Among the entries below, find each line holding "lborel" and return it.

-- The records follows --

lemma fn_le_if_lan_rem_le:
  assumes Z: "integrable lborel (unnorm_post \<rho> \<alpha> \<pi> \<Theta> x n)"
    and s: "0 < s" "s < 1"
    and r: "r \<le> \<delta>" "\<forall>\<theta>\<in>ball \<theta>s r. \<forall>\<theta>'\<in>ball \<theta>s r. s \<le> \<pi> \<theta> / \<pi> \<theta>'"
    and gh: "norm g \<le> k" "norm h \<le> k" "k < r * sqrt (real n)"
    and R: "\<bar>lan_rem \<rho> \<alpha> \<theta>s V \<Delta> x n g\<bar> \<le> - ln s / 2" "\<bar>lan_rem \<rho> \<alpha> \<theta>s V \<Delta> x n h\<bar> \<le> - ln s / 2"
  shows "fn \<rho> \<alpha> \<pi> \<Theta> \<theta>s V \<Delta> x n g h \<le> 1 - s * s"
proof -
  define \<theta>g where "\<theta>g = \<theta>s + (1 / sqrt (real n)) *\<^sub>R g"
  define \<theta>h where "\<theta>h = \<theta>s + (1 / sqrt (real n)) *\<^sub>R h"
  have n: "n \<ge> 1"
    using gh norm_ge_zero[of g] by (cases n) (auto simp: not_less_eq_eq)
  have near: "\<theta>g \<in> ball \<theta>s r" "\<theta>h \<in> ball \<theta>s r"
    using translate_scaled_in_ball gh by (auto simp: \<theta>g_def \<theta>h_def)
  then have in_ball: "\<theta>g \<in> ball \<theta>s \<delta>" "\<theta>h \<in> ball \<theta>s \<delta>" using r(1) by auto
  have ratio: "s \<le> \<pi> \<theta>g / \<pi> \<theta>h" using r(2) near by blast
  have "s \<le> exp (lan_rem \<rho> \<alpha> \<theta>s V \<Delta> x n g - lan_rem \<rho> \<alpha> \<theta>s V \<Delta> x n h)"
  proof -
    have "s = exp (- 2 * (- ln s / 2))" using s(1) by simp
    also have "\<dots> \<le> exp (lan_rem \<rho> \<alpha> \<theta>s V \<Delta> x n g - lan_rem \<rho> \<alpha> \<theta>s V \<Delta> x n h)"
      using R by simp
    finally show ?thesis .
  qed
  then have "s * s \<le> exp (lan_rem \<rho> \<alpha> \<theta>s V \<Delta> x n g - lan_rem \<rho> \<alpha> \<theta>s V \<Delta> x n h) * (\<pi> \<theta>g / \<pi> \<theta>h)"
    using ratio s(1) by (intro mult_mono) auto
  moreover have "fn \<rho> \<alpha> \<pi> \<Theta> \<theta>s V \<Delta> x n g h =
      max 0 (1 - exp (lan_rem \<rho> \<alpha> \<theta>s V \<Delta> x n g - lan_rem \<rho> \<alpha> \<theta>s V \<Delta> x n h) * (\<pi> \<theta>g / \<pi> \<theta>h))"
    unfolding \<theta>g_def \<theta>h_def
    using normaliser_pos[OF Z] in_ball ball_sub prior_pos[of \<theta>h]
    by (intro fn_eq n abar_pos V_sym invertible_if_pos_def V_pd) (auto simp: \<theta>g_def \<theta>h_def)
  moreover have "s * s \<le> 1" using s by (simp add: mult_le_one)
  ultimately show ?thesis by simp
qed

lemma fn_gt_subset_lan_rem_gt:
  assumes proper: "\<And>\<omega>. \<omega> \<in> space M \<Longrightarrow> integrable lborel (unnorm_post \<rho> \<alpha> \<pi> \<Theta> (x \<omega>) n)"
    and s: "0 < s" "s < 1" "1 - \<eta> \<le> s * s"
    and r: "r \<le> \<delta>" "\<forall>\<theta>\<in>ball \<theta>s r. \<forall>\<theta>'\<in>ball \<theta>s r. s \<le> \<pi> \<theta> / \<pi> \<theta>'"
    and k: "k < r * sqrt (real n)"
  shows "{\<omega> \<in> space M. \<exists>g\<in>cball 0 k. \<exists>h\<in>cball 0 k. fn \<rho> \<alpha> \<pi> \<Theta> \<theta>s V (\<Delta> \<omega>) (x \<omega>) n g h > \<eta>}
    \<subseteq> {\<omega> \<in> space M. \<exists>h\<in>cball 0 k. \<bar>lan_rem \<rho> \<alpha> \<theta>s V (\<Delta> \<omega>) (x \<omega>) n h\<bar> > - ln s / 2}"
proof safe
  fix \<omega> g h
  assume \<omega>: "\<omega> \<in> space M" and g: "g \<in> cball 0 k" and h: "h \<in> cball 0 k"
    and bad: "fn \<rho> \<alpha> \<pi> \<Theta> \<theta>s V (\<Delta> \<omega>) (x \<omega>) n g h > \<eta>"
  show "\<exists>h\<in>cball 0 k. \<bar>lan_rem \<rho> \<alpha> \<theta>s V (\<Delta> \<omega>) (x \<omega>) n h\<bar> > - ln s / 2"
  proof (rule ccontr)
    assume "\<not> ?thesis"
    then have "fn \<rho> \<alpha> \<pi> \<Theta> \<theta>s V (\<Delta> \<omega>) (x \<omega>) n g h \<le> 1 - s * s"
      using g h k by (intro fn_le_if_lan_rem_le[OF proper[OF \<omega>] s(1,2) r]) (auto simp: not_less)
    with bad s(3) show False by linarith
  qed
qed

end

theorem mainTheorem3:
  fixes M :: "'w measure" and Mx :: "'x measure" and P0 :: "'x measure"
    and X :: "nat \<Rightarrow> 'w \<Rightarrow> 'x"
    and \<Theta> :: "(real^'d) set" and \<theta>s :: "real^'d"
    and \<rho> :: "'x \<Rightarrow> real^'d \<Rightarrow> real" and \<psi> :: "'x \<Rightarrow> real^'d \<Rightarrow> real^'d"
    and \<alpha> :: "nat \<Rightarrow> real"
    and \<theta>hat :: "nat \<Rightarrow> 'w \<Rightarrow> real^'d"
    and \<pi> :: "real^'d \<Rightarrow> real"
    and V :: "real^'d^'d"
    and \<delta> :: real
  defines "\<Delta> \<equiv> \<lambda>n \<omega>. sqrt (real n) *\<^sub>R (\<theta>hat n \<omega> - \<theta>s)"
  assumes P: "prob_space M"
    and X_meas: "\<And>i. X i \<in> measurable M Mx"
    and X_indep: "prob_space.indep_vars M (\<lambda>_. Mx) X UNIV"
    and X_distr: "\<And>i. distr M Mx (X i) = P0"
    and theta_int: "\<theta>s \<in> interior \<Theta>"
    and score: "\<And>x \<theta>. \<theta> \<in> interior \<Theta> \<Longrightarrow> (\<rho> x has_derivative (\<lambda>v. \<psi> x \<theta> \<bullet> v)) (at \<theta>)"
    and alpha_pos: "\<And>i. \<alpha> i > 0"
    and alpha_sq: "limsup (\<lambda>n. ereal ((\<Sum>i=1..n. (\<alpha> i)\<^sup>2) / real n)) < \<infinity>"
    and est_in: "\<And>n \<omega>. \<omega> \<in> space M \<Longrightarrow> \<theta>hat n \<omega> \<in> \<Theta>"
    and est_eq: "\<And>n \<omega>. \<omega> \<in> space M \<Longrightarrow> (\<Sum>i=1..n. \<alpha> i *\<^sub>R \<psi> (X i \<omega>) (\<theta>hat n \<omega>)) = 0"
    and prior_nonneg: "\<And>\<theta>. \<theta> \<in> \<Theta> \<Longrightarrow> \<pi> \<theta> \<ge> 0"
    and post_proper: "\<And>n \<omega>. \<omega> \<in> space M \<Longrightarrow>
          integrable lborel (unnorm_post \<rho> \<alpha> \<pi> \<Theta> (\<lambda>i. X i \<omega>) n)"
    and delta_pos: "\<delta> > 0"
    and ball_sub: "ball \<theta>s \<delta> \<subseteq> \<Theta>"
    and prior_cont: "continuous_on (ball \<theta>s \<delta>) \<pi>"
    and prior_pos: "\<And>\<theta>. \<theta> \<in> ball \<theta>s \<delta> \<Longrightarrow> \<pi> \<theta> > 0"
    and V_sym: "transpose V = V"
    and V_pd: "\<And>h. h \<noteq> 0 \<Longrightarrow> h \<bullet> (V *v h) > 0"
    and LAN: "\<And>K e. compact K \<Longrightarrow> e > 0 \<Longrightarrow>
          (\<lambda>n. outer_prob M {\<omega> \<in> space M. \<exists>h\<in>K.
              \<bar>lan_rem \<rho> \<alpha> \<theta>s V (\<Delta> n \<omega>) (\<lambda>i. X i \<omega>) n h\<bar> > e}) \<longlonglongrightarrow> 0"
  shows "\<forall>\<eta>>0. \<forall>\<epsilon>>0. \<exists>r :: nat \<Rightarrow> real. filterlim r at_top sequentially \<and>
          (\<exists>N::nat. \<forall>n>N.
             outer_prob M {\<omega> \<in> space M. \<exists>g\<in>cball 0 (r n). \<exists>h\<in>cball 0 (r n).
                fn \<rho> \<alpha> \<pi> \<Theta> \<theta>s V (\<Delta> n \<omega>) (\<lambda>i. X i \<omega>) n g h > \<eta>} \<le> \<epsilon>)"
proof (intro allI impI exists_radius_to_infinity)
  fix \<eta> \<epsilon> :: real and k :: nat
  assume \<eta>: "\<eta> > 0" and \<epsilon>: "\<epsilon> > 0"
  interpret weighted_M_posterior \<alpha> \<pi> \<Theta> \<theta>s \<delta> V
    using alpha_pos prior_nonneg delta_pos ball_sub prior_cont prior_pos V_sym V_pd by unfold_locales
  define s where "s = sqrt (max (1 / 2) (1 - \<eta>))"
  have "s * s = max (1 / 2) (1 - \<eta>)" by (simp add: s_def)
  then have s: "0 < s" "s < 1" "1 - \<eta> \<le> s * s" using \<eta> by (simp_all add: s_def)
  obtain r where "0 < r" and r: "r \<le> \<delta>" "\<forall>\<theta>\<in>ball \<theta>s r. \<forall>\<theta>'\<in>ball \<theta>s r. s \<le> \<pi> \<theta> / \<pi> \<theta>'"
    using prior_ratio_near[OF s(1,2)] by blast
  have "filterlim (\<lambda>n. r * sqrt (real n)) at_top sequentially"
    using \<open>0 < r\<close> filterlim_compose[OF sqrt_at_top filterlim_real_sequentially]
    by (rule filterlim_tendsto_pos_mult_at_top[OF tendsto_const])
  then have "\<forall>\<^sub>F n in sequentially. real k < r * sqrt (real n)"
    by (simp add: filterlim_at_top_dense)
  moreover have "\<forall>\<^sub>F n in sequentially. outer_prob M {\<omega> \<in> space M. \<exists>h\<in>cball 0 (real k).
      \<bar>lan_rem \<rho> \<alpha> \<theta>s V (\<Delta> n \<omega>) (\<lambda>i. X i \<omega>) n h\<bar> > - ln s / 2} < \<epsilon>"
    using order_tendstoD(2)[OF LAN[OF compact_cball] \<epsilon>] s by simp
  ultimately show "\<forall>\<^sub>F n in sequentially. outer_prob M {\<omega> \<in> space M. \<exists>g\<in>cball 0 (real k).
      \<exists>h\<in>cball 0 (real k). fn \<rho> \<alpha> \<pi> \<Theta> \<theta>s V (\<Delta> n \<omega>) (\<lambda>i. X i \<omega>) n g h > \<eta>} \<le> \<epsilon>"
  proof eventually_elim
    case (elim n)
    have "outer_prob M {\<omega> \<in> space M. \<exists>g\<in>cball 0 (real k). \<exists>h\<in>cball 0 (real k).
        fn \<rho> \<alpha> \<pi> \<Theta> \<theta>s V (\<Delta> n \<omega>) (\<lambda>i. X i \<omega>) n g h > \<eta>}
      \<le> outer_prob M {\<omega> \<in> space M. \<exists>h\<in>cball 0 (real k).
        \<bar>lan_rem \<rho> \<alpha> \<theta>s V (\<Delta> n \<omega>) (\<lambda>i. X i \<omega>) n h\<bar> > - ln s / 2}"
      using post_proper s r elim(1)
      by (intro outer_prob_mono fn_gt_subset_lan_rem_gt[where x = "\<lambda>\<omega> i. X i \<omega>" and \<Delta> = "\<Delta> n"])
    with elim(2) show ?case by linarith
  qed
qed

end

-- The records concluded --
-- The records follows --

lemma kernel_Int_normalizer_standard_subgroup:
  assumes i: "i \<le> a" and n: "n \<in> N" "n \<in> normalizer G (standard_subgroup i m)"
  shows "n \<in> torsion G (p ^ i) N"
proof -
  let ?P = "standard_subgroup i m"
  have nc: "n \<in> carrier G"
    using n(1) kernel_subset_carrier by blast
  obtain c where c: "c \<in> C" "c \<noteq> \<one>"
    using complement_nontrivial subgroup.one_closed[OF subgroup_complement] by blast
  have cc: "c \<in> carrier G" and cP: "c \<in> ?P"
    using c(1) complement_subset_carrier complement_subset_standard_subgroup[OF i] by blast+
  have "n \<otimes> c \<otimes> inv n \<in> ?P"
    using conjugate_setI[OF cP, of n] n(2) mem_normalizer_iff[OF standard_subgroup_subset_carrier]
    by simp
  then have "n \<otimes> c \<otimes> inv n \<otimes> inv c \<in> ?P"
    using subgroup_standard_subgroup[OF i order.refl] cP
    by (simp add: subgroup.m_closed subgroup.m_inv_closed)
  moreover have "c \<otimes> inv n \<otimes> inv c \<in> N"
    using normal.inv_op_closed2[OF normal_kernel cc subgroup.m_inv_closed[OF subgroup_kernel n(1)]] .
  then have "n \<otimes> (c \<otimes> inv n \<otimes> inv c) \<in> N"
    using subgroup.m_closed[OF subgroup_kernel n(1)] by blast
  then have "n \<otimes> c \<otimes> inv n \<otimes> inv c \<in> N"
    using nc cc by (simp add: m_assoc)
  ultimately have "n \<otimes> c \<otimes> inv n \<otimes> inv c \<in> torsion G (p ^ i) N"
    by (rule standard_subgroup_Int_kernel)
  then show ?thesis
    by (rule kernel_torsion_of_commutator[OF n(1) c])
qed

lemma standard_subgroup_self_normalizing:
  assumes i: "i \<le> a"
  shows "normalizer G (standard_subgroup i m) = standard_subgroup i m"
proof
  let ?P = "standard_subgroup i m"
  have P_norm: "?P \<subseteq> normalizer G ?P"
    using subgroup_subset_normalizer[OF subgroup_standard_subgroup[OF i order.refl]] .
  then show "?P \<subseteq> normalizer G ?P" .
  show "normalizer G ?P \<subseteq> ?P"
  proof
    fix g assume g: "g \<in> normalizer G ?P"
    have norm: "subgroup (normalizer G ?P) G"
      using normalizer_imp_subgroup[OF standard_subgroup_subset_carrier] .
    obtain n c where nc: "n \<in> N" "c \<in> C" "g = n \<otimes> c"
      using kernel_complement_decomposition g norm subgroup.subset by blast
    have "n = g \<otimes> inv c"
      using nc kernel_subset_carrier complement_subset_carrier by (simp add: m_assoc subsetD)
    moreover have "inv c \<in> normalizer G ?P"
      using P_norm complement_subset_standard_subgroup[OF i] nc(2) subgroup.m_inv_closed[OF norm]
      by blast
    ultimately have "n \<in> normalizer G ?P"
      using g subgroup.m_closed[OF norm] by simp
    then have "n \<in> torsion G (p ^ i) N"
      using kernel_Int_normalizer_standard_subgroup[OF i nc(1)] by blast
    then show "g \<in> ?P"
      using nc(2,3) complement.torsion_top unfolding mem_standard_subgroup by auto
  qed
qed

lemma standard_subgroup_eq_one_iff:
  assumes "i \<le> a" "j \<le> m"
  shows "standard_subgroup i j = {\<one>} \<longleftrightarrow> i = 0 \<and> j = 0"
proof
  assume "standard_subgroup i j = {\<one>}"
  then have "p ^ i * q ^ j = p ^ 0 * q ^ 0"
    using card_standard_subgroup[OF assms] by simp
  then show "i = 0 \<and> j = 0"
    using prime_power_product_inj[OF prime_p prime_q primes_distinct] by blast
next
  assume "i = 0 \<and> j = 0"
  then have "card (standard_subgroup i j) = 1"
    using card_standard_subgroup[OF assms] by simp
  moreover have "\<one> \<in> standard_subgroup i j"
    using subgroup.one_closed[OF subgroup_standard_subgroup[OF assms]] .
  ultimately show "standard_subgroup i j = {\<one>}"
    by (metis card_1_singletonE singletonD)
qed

-- The records concluded --
-- The records follows --

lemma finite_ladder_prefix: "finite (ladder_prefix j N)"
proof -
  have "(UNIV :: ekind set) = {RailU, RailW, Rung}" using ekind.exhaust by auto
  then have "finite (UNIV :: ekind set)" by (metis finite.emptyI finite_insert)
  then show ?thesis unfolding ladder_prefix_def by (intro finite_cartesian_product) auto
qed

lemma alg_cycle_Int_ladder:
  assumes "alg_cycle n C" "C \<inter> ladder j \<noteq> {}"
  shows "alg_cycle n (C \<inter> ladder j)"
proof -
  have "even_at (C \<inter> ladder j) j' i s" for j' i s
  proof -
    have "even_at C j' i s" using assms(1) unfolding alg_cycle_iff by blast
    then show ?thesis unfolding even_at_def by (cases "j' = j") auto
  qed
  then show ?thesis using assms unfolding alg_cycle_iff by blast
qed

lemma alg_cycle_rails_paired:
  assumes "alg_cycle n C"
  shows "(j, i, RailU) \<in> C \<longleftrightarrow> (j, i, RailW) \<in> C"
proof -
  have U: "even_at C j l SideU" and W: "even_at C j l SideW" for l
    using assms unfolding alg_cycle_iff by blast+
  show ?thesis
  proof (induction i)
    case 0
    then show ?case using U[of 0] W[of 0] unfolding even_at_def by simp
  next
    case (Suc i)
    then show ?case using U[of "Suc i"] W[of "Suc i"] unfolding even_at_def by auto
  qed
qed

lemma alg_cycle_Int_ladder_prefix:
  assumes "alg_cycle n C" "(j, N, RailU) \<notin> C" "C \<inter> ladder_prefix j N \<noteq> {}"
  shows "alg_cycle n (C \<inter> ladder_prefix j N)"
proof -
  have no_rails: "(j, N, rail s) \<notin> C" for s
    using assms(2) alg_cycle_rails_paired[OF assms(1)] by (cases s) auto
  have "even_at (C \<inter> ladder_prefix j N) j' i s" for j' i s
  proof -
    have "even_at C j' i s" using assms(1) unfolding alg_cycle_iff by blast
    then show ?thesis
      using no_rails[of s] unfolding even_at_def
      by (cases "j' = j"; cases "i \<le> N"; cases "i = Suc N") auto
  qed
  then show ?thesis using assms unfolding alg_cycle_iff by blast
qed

-- The records concluded --

● Written reply
  assumes Z: "integrable lborel (unnorm_post \<rho> \<alpha> \<pi> \<Theta> x n)"
  assumes proper: "\<And>\<omega>. \<omega> \<in> space M \<Longrightarrow> integrable lborel (unnorm_post \<rho> \<alpha> \<pi> \<Theta> (x \<omega>) n)"
          integrable lborel (unnorm_post \<rho> \<alpha> \<pi> \<Theta> (\<lambda>i. X i \<omega>) n)"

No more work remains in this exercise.